Put debit spread strategy. Select two strikes $K_{1}<K_{2},$ buy $p(K_{2})$ (take a long position) and sell $p(K_{1})$ (take a short position). You pay $p=p(K_{2})-p(K_{1})>0$ for this.

Our purpose is to derive the payoff for this strategy. We remember that if $S(T)\ge K,$ then the put $p(K)$ expires worthless.

Case $S(T)\ge K_{2}.$ In this case both options expire worthless and the payoff is the initial outlay: payoff $=-p.$

Case $K_{1}\leq S(T)<K_{2}.$ Exercising the put $p(K_{2})$ , in comparison with selling the stock at the market price you gain $K_{2}-S(T).$ The second option expires worthless. The payoff is: payoff $=K_{2}-S(T)-p.$

Case $S(T)<K_{1}.$ Both options are exercised. The gain from $p(K_{2})$ is, as above, $K_{2}-S(T).$ The holder of the long put $p(K_{1})$ sells you stock at price $K_{1}.$ Since your position is short, you have nothing to do but comply. The alternative would be to buy at the market price, so you lose $S(T)-K_{1}.$ The payoff is: payoff $=\left(K_{2}-S(T)\right) +\left( S(T)-K_{1}\right) -p=K_{2}-K_{1}-p.$

Summarizing, we get:

payoff $=\left\{\begin{array}{ll} -p, & K_2\le S(T) \\ K_{2}-S(T)-p, & K_{1}\leq S(T)<K_{2}\\ K_{2}-K_{1}-p, & S(T)<K_{1} \end{array}\right.$

Normally, the strikes are chosen so that $K_{2}-K_{1}>p.$ From the payoff expression we see then that the maximum profit is $K_{2}-K_{1}-p>0,$ the maximum loss is $-p$ and the breakeven stock price is $S(T)=K_{2}-p.$ This is illustrated in Figure 1, where the stock price at expiration is on the horizontal axis.

Figure 1. Payoff from put debit spread. Source: https://www.optionsbro.com/

Conclusion. For the strategy to be profitable, the price at expiration should satisfy $S(T)< K_{2}-p.$ Buying a put debit spread is appropriate when the price is expected to stay in that range.

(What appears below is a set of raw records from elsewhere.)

(* Let $T$ be a tree of order $n\ge 1$ and let \[ h(T)=\prod_{w\in V(T)}\bigl(d_T(w)+1\bigr)^{d_T(w)+1}. \] Then $h(T)\le 4^{n-1}n^n$, with equality if and only if $T\cong S_n$.
   Context: $d_T(w)$ denotes the degree of vertex $w$ in $T$. $S_n$ denotes the star on $n$ vertices (for $n\le 3$ this coincides with the path on $n$ vertices). *)

theory Defs
  imports Main
begin

definition sgraph :: "'a set \<Rightarrow> 'a set set \<Rightarrow> bool" where
  "sgraph V E \<longleftrightarrow> finite V \<and> (\<forall>e\<in>E. e \<subseteq> V \<and> card e = 2)"

definition degree :: "'a set set \<Rightarrow> 'a \<Rightarrow> nat" where
  "degree E v = card {e \<in> E. v \<in> e}"

definition walk :: "'a set set \<Rightarrow> 'a list \<Rightarrow> bool" where
  "walk E xs \<longleftrightarrow> (\<forall>i. Suc i < length xs \<longrightarrow> {xs ! i, xs ! Suc i} \<in> E)"

definition connected_graph :: "'a set \<Rightarrow> 'a set set \<Rightarrow> bool" where
  "connected_graph V E \<longleftrightarrow>
     (\<forall>u\<in>V. \<forall>v\<in>V. \<exists>xs. xs \<noteq> [] \<and> hd xs = u \<and> last xs = v \<and> set xs \<subseteq> V \<and> walk E xs)"

definition is_cycle :: "'a set set \<Rightarrow> 'a list \<Rightarrow> bool" where
  "is_cycle E xs \<longleftrightarrow> length xs \<ge> 3 \<and> distinct xs \<and> walk E xs \<and> {last xs, hd xs} \<in> E"

definition is_tree :: "'a set \<Rightarrow> 'a set set \<Rightarrow> bool" where
  "is_tree V E \<longleftrightarrow> sgraph V E \<and> V \<noteq> {} \<and> connected_graph V E \<and>
     \<not> (\<exists>xs. set xs \<subseteq> V \<and> is_cycle E xs)"

definition star_edges :: "nat \<Rightarrow> nat set set" where
  "star_edges n = {{0, i} | i. 0 < i \<and> i < n}"

definition graph_iso :: "'a set \<Rightarrow> 'a set set \<Rightarrow> 'b set \<Rightarrow> 'b set set \<Rightarrow> bool" where
  "graph_iso V E W F \<longleftrightarrow> (\<exists>f. bij_betw f V W \<and>
     (\<forall>u\<in>V. \<forall>v\<in>V. {u, v} \<in> E \<longleftrightarrow> {f u, f v} \<in> F))"

definition h_index :: "'a set \<Rightarrow> 'a set set \<Rightarrow> nat" where
  "h_index V E = (\<Prod>w\<in>V. (degree E w + 1) ^ (degree E w + 1))"

end

theory Submission
  imports Defs Complex_Main
begin

text \<open>For \<open>n \<ge> 2\<close> every degree is positive, and a vertex of degree \<open>d\<close> contributes
  \<open>vweight (d - 1)\<close> with \<open>vweight e = (e + 2) ^ (e + 2)\<close>. Convexity of \<open>x log x\<close> makes
  \<open>vweight\<close> strictly log-convex, hence \<open>vweight a * vweight b \<le> vweight 0 * vweight (a + b)\<close>,
  strictly when \<open>a, b > 0\<close>. The excesses \<open>d - 1\<close> of a tree sum to \<open>n - 2\<close>, so merging
  them into one vertex gives \<open>4 h(T) \<le> 4 ^ n * vweight (n - 2) = 4 ^ n * n ^ n\<close>; equality forces
  a single vertex of positive excess, i.e. a vertex of degree \<open>n - 1\<close>, i.e. a star.\<close>

lemma exp_inverse_succ_le:
  fixes x :: real
  assumes "x > 0"
  shows "exp (1 / (x + 1)) \<le> (x + 1) / x"
proof -
  have "x / (x + 1) = 1 + - (1 / (x + 1))"
    using assms by (simp add: field_simps)
  also have "\<dots> \<le> exp (- (1 / (x + 1)))"
    by (rule exp_ge_add_one_self)
  also have "\<dots> = inverse (exp (1 / (x + 1)))"
    by (rule exp_minus)
  finally have "inverse (inverse (exp (1 / (x + 1)))) \<le> inverse (x / (x + 1))"
    using assms by (intro le_imp_inverse_le) auto
  then show ?thesis by simp
qed

lemma self_power_log_convex:
  fixes k :: nat
  shows "(k + 1) ^ (2 * (k + 1)) < k ^ k * (k + 2) ^ (k + 2)"
proof (cases "k = 0")
  case False
  define a where "a = real k * (real k + 2)"
  have a: "a > 0" using False by (simp add: a_def)
  have "(1 + 1 / a) ^ k \<le> exp (1 / a) ^ k"
    using a by (intro power_mono) (auto simp: add.commute)
  also have "\<dots> = exp (1 / (real k + 2))"
    using False by (simp add: exp_of_nat_mult[symmetric] a_def)
  also have "\<dots> \<le> (real k + 2) / (real k + 1)"
    using exp_inverse_succ_le[of "real k + 1"] by (simp add: add.assoc)
  finally have growth: "(1 + 1 / a) ^ k \<le> (real k + 2) / (real k + 1)" .
  have square: "(real k + 1) ^ 2 = a * (1 + 1 / a)"
    using a by (simp add: a_def field_simps power2_eq_square)
  have "real ((k + 1) ^ (2 * (k + 1))) = ((real k + 1) ^ 2) ^ k * (real k + 1) ^ 2"
    by (simp add: power_mult[symmetric] power_add[symmetric] algebra_simps)
  also have "\<dots> = (a * (1 + 1 / a)) ^ k * (real k + 1) ^ 2"
    by (simp only: square)
  also have "\<dots> \<le> a ^ k * ((real k + 2) / (real k + 1)) * (real k + 1) ^ 2"
    unfolding power_mult_distrib using growth a by (intro mult_right_mono mult_left_mono) auto
  also have "\<dots> = a ^ k * (real k + 2) * (real k + 1)"
    by (simp add: power2_eq_square field_simps)
  also have "\<dots> < a ^ k * (real k + 2) * (real k + 2)"
    using a by simp
  also have "\<dots> = real k ^ k * (real k + 2) ^ (k + 2)"
    unfolding a_def power_mult_distrib power_add power2_eq_square by (simp only: mult_ac)
  also have "\<dots> = real (k ^ k * (k + 2) ^ (k + 2))"
    by (simp only: of_nat_mult of_nat_power of_nat_add of_nat_numeral)
  finally show ?thesis by (simp only: of_nat_less_iff)
qed simp

locale strictly_log_convex =
  fixes f :: "nat \<Rightarrow> nat"
  assumes pos: "0 < f x"
    and log_convex: "f (Suc x) * f (Suc x) < f x * f (Suc (Suc x))"
begin

lemma ratio_less: "x < y \<Longrightarrow> f (Suc x) * f y < f x * f (Suc y)"
proof (induction y)
  case (Suc y)
  show ?case
  proof (cases "x = y")
    case False
    with Suc have "f (Suc x) * f y < f x * f (Suc y)" by simp
    from mult_strict_mono[OF this log_convex[of y]]
    have "(f (Suc x) * f (Suc y)) * (f y * f (Suc y)) < (f x * f (Suc (Suc y))) * (f y * f (Suc y))"
      using pos by (simp add: ac_simps)
    then show ?thesis using pos by simp
  qed (use log_convex in simp)
qed simp

lemma ratio_le: "x \<le> y \<Longrightarrow> f (Suc x) * f y \<le> f x * f (Suc y)"
  using ratio_less[of x y] by (cases "x = y") (auto simp: ac_simps)

lemma mult_le: "f a * f b \<le> f 0 * f (a + b)"
proof (induction b)
  case (Suc b)
  have "(f a * f (Suc b)) * f (a + b) = f a * (f (Suc b) * f (a + b))" by (simp add: ac_simps)
  also have "\<dots> \<le> f a * (f b * f (Suc (a + b)))" using ratio_le[of b "a + b"] by simp
  also have "\<dots> = (f a * f b) * f (Suc (a + b))" by (simp add: ac_simps)
  also have "\<dots> \<le> (f 0 * f (a + b)) * f (Suc (a + b))" using Suc.IH by simp
  finally show ?case using pos by (simp add: ac_simps)
qed simp

lemma mult_less:
  assumes "0 < a" "0 < b"
  shows "f a * f b < f 0 * f (a + b)"
proof -
  obtain c where b: "b = Suc c" using assms(2) by (cases b) auto
  have "(f a * f b) * f (a + c) = f a * (f (Suc c) * f (a + c))" by (simp add: b ac_simps)
  also have "\<dots> < f a * (f c * f (Suc (a + c)))" using ratio_less[of c "a + c"] assms(1) pos by simp
  also have "\<dots> = (f a * f c) * f (Suc (a + c))" by (simp add: ac_simps)
  also have "\<dots> \<le> (f 0 * f (a + c)) * f (Suc (a + c))" using mult_le by simp
  finally show ?thesis using pos by (simp add: b ac_simps)
qed

lemma prod_le:
  assumes "finite S"
  shows "f 0 * (\<Prod>w\<in>S. f (e w)) \<le> f 0 ^ card S * f (sum e S)"
  using assms
proof (induction S rule: finite_induct)
  case (insert x S)
  have "f 0 * (\<Prod>w\<in>insert x S. f (e w)) = f (e x) * (f 0 * (\<Prod>w\<in>S. f (e w)))"
    using insert by simp
  also have "\<dots> \<le> f 0 ^ card S * (f (e x) * f (sum e S))"
    using insert.IH by (simp add: ac_simps)
  also have "\<dots> \<le> f 0 ^ card S * (f 0 * f (e x + sum e S))"
    using mult_le by simp
  also have "\<dots> = f 0 ^ card (insert x S) * f (sum e (insert x S))"
    using insert by (simp add: ac_simps)
  finally show ?case .
qed simp

lemma prod_less:
  assumes "finite S" "u \<in> S" "v \<in> S" "u \<noteq> v" "0 < e u" "0 < e v"
  shows "f 0 * (\<Prod>w\<in>S. f (e w)) < f 0 ^ card S * f (sum e S)"
proof -
  let ?R = "S - {u}"
  have "0 < sum e ?R" using assms member_le_sum[of v ?R e] by fastforce
  then have sup: "f (e u) * f (sum e ?R) < f 0 * f (e u + sum e ?R)"
    using mult_less assms(5) by blast
  have "f 0 * (\<Prod>w\<in>S. f (e w)) = f (e u) * (f 0 * (\<Prod>w\<in>?R. f (e w)))"
    using assms by (simp add: prod.remove)
  also have "\<dots> \<le> f 0 ^ card ?R * (f (e u) * f (sum e ?R))"
    using prod_le[of ?R e] assms(1) by (simp add: ac_simps)
  also have "\<dots> < f 0 ^ card ?R * (f 0 * f (e u + sum e ?R))"
    using sup pos by simp
  also have "\<dots> = f 0 ^ Suc (card ?R) * f (e u + sum e ?R)"
    by (simp add: ac_simps)
  also have "\<dots> = f 0 ^ card S * f (sum e S)"
    using assms by (simp only: card_Suc_Diff1 sum.remove)
  finally show ?thesis .
qed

In comparison with the long put position $p(K_{2}),$ taking at the same time the short call position $-p(K_{1})$ allows one to reduce the initial outlay. This is especially important when the stock volatility is high, resulting in a high put price. In the difference $p(K_{2})-p(K_{1})$ that volatility component partially cancels out.

Remark. There is an important issue of choosing the strikes. Let $S$ denote the stock price now. The payoff expression allows us to rank the next choices in the order of increasing risk: 1) $S<K_1<K_2$ (both options are in the money, less risk), 2) $K_1<S<K_2$ and 3) $K_1<K_2<S$ (both options are out of the money, highest risk). Also remember that a put debit spread is less expensive than buying $p(K_{2})$ and selling $p(K_{1})$ in two separate transactions.